Berlin - Bundesverkehrsminister Alexander Dobrindt (CSU) will trotz Bedenken des Rechnungshofs stärker auf privat finanzierten Autobahnbau setzen.

Öffentlich-private Partnerschaften (ÖPP) würden in Deutschland weitergeführt, sagte Dobrindt bei einer Veranstaltung des Bundesverbands der Deutschen Industrie (BDI). "Ich will sie forcieren und nicht zurückbauen." Der Minister bekräftigte, dass die Mehreinnahmen aus der Ausweitung der Lkw-Maut und der geplanten Pkw-Maut zweckgebunden in Investitionen fließen sollen. Die Industrie mahnte deutlich mehr Geld für Sanierungen an.

"Der volkswirtschaftliche Nutzen von ÖPP-Projekten ist für mich unzweifelhaft", sagte Dobrindt.
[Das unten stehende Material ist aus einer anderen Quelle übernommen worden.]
fun fv :: "ty \<Rightarrow> nat set" where
  "fv (TV n) = {n}"
| "fv (Arr a b) = fv a \<union> fv b"
| "fv (All a) = (\<lambda>n. n - 1) ` (fv a - {0})"

definition closed :: "ty \<Rightarrow> bool" where
  "closed A \<longleftrightarrow> fv A = {}"

text \<open>proper: in every \<forall>X A, X (index 0 of the body) occurs free in A\<close>
fun proper :: "ty \<Rightarrow> bool" where
  "proper (TV n) = True"
| "proper (Arr a b) = (proper a \<and> proper b)"
| "proper (All a) = (0 \<in> fv a \<and> proper a)"

fun shift :: "nat \<Rightarrow> nat \<Rightarrow> ty \<Rightarrow> ty" where
  "shift d c (TV n) = TV (if n < c then n else n + d)"
| "shift d c (Arr a b) = Arr (shift d c a) (shift d c b)"
| "shift d c (All a) = All (shift d (Suc c) a)"

fun subst :: "nat \<Rightarrow> ty \<Rightarrow> ty \<Rightarrow> ty" where
  "subst k C (TV n) = (if n < k then TV n else if n = k then shift k 0 C else TV (n - 1))"
| "subst k C (Arr a b) = Arr (subst k C a) (subst k C b)"
| "subst k C (All a) = All (subst (Suc k) C a)"

section \<open>Typing in F (e = True) and F_0 (e = False: no \<forall>-elimination)\<close>

type_synonym ctx = "nat \<Rightarrow> ty option"

inductive typing :: "bool \<Rightarrow> ctx \<Rightarrow> trm \<Rightarrow> ty \<Rightarrow> bool" where
  ax: "\<Gamma> x = Some A \<Longrightarrow> typing e \<Gamma> (Var x) A"
| arrI: "proper B \<Longrightarrow> typing e (\<Gamma>(x \<mapsto> B)) t C \<Longrightarrow> typing e \<Gamma> (Lam x t) (Arr B C)"
| arrE: "typing e \<Gamma> u (Arr B C) \<Longrightarrow> typing e \<Gamma> v B \<Longrightarrow> typing e \<Gamma> (App u v) C"
| allI: "typing e (map_option (shift 1 0) \<circ> \<Gamma>) t A \<Longrightarrow> 0 \<in> fv A \<Longrightarrow> typing e \<Gamma> t (All A)"
| allE: "e \<Longrightarrow> typing e \<Gamma> t (All A) \<Longrightarrow> proper C \<Longrightarrow> typing e \<Gamma> t (subst 0 C A)"

abbreviation typF :: "ctx \<Rightarrow> trm \<Rightarrow> ty \<Rightarrow> bool" where
  "typF \<equiv> typing True"

abbreviation typF0 :: "ctx \<Rightarrow> trm \<Rightarrow> ty \<Rightarrow> bool" where
  "typF0 \<equiv> typing False"

section \<open>The classes \<forall>+ and \<forall>-\<close>

inductive pos and neg :: "ty \<Rightarrow> bool" where
  pos_TV: "pos (TV n)"
| neg_TV: "neg (TV n)"
| pos_Arr: "neg B \<Longrightarrow> pos A \<Longrightarrow> pos (Arr B A)"
| neg_Arr: "pos B \<Longrightarrow> neg A \<Longrightarrow> neg (Arr B A)"
| pos_All: "pos A \<Longrightarrow> 0 \<in> fv A \<Longrightarrow> pos (All A)"

end

theory Submission
  imports Defs
begin

text \<open>
  In a normal term every subterm is either an abstraction or a spine \<open>x v\<^sub>1 \<dots> v\<^sub>n\<close> with a
  variable at its head. In a context of \<open>\<forall>\<^sup>-\<close> types, the type of a spine is a codomain of the
  \<open>\<forall>\<^sup>-\<close> type of its head, so it is never a \<open>\<forall>\<close>-type (no \<open>\<forall>\<close>-elimination possible) and never
  mentions the type variable just bound (no \<open>\<forall>\<close>-introduction possible); its arguments receive
  the \<open>\<forall>\<^sup>+\<close> domains. An abstraction of \<open>\<forall>\<^sup>+\<close> type \<open>\<forall>X\<^sub>1\<dots>\<forall>X\<^sub>k (B \<rightarrow> D)\<close> can, by the substitution
  lemma, always be typed by introducing \<open>B \<rightarrow> D\<close> and generalising, with \<open>B\<close> in \<open>\<forall>\<^sup>-\<close> and \<open>D\<close> in \<open>\<forall>\<^sup>+\<close>.
  Induction on the term therefore removes every \<open>\<forall>\<close>-elimination.
\<close>

lemma shift_0 [simp]: "shift 0 c = id"
proof
  show "shift 0 c X = id X" for X by (induction X arbitrary: c) auto
qed

lemma shift_shift: "d \<le> c \<Longrightarrow> c \<le> d + b \<Longrightarrow> shift a c (shift b d X) = shift (a + b) d X"
  by (induction X arbitrary: c d) auto

lemma fv_shift_outside: "n \<in> fv (shift d c X) \<Longrightarrow> n < c \<or> c + d \<le> n"
proof (induction X arbitrary: c n)
  case (All X)
  then obtain m where "m \<in> fv (shift d (Suc c) X)" "m \<noteq> 0" "n = m - 1" by auto
  with All.IH[where c="Suc c" and n=m] show ?case by auto
qed auto

lemma fv_shift_below: "n \<in> fv X \<Longrightarrow> n < c \<Longrightarrow> n \<in> fv (shift d c X)"
proof (induction X arbitrary: c n)
  case (All X)
  then obtain m where "m \<in> fv X" "m \<noteq> 0" "n = m - 1" by auto
  with All.IH[where c="Suc c" and n=m] All.prems show ?case by (auto intro!: rev_image_eqI[of m])
qed auto

lemma fv_subst_below: "n \<in> fv X \<Longrightarrow> n < k \<Longrightarrow> n \<in> fv (subst k C X)"
proof (induction X arbitrary: k n)
  case (All X)
  then obtain m where "m \<in> fv X" "m \<noteq> 0" "n = m - 1" by auto
  with All.IH[where k="Suc k" and n=m] All.prems show ?case by (auto intro!: rev_image_eqI[of m])
qed auto

lemma proper_shift: "proper X \<Longrightarrow> proper (shift d c X)"
  by (induction X arbitrary: c) (auto intro: fv_shift_below)

lemma proper_subst: "proper X \<Longrightarrow> proper C \<Longrightarrow> proper (subst k C X)"
  by (induction X arbitrary: k) (auto intro: fv_subst_below proper_shift)

lemma subst_shift_commute: "d \<le> j \<Longrightarrow> subst (j + c) C (shift c d X) = shift c d (subst j C X)"
proof (induction X arbitrary: j d)
  case (TV n)
  have "shift c d (shift j 0 C) = shift (c + j) 0 C" using TV by (simp add: shift_shift)
  with TV show ?case by (auto simp: add.commute)
next
  case (All X)
  then show ?case using All.IH[of "Suc d" "Suc j"] by simp
qed auto

lemma subst_shift_cancel: "d \<le> c \<Longrightarrow> c \<le> d + k \<Longrightarrow> subst c D (shift (Suc k) d X) = shift k d X"
  by (induction X arbitrary: c d) auto

lemma subst_subst:
  "c \<le> k \<Longrightarrow> subst k C (subst c D A) = subst c (subst (k - c) C D) (subst (Suc k) C A)"
proof (induction A arbitrary: c k)
  case (TV n)
  have "subst k C (shift c 0 D) = shift c 0 (subst (k - c) C D)"
    using subst_shift_commute[of 0 "k - c" c C D] TV by simp
  moreover have "subst c (subst (k - c) C D) (shift (Suc k) 0 C) = shift k 0 C"
    using subst_shift_cancel[of 0 c k] TV by simp
  ultimately show ?case using TV by auto
qed auto

lemma map_option_shift_comp:
  "map_option (shift k 0) \<circ> (map_option (shift 1 0) \<circ> \<Gamma>) = map_option (shift (Suc k) 0) \<circ> \<Gamma>"
  by (rule ext) (auto simp: option.map_comp shift_shift comp_def)

lemma typing_subst:
  "typing e \<Gamma> t T \<Longrightarrow> proper C \<Longrightarrow> typing e (map_option (subst k C) \<circ> \<Gamma>) t (subst k C T)"
proof (induction arbitrary: k rule: typing.induct)
  case (ax \<Gamma> x A e)
  then show ?case by (auto intro: typing.ax)
next
  case (arrI B e \<Gamma> x t D)
  have ctx: "map_option (subst k C) \<circ> \<Gamma>(x \<mapsto> B) = (map_option (subst k C) \<circ> \<Gamma>)(x \<mapsto> subst k C B)"
    by (rule ext) simp
  have "typing e ((map_option (subst k C) \<circ> \<Gamma>)(x \<mapsto> subst k C B)) t (subst k C D)"
    using arrI.IH[OF arrI.prems, of k] unfolding ctx .
  then show ?case unfolding subst.simps
    by (rule typing.arrI[OF proper_subst[OF arrI.hyps(1) arrI.prems]])
next
  case (arrE e \<Gamma> u B D v)
  then show ?case by (auto intro: typing.arrE)
next
  case (allI e \<Gamma> t A)
  have ctx: "map_option (subst (Suc k) C) \<circ> (map_option (shift 1 0) \<circ> \<Gamma>)
      = map_option (shift 1 0) \<circ> (map_option (subst k C) \<circ> \<Gamma>)"
    using subst_shift_commute[of 0 k 1 C] by (intro ext) (auto simp: option.map_comp comp_def)
  have "typing e (map_option (shift 1 0) \<circ> (map_option (subst k C) \<circ> \<Gamma>)) t (subst (Suc k) C A)"
    using allI.IH[OF allI.prems, of "Suc k"] unfolding ctx .
  then show ?case unfolding subst.simps
    by (rule typing.allI) (simp add: fv_subst_below[OF allI.hyps(2)])
next
  case (allE e \<Gamma> t A D)
  have "typing e (map_option (subst k C) \<circ> \<Gamma>) t (subst 0 (subst k C D) (subst (Suc k) C A))"
    using allE.hyps(1) allE.IH[OF allE.prems, of k, unfolded subst.simps]
      proper_subst[OF allE.hyps(3) allE.prems]
    by (rule typing.allE)
  moreover have "subst k C (subst 0 D A) = subst 0 (subst k C D) (subst (Suc k) C A)"
    using subst_subst[of 0 k C D A] by simp
  ultimately show ?case by (simp only:)
qed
Der Bundesrechnungshof hatte dagegen kürzlich moniert, dass fünf der bisher sechs vergebenen Projekte teurer als bei einer herkömmlichen Finanzierung über den Haushalt gewesen seien. Bei ÖPP-Projekten werden Planung, Bau, Erhalt und Betrieb eines Abschnitts für 20 bis 30 Jahre an ein Privatunternehmen vergeben. Dafür bekommt es im Gegenzug eine Vergütung - je nach Modell entweder vom öffentlichen Auftraggeber orientiert an der Lkw-Maut oder direkt als Maut von den Straßennutzern.

BDI-Präsident Ulrich Grillo warnte, Deutschland sei seit Jahrzehnten dabei, seine Verkehrsinfrastruktur zu ruinieren. "Das ist fahrlässig." Nötig seien mehr Investitionen. "Je später wir handeln, desto teurer wird es." Die von der großen Koalition geplanten zusätzlichen fünf Milliarden Euro bis 2017 seien ein erster Schritt, aber noch zu wenig.

Dobrindt betonte, dass die Investitionen damit schrittweise hochgefahren würden. Angesichts knapper Mittel solle prinzipiell Erhalt vor Neubau gehen. Ein vorläufiger Stopp neuer Projekte sei aber auch nicht sinnvoll. Zu erwartende starke Zuwächse vor allem bei Gütertransporten seien nicht allein auf den bestehenden Netzen zu bewältigen.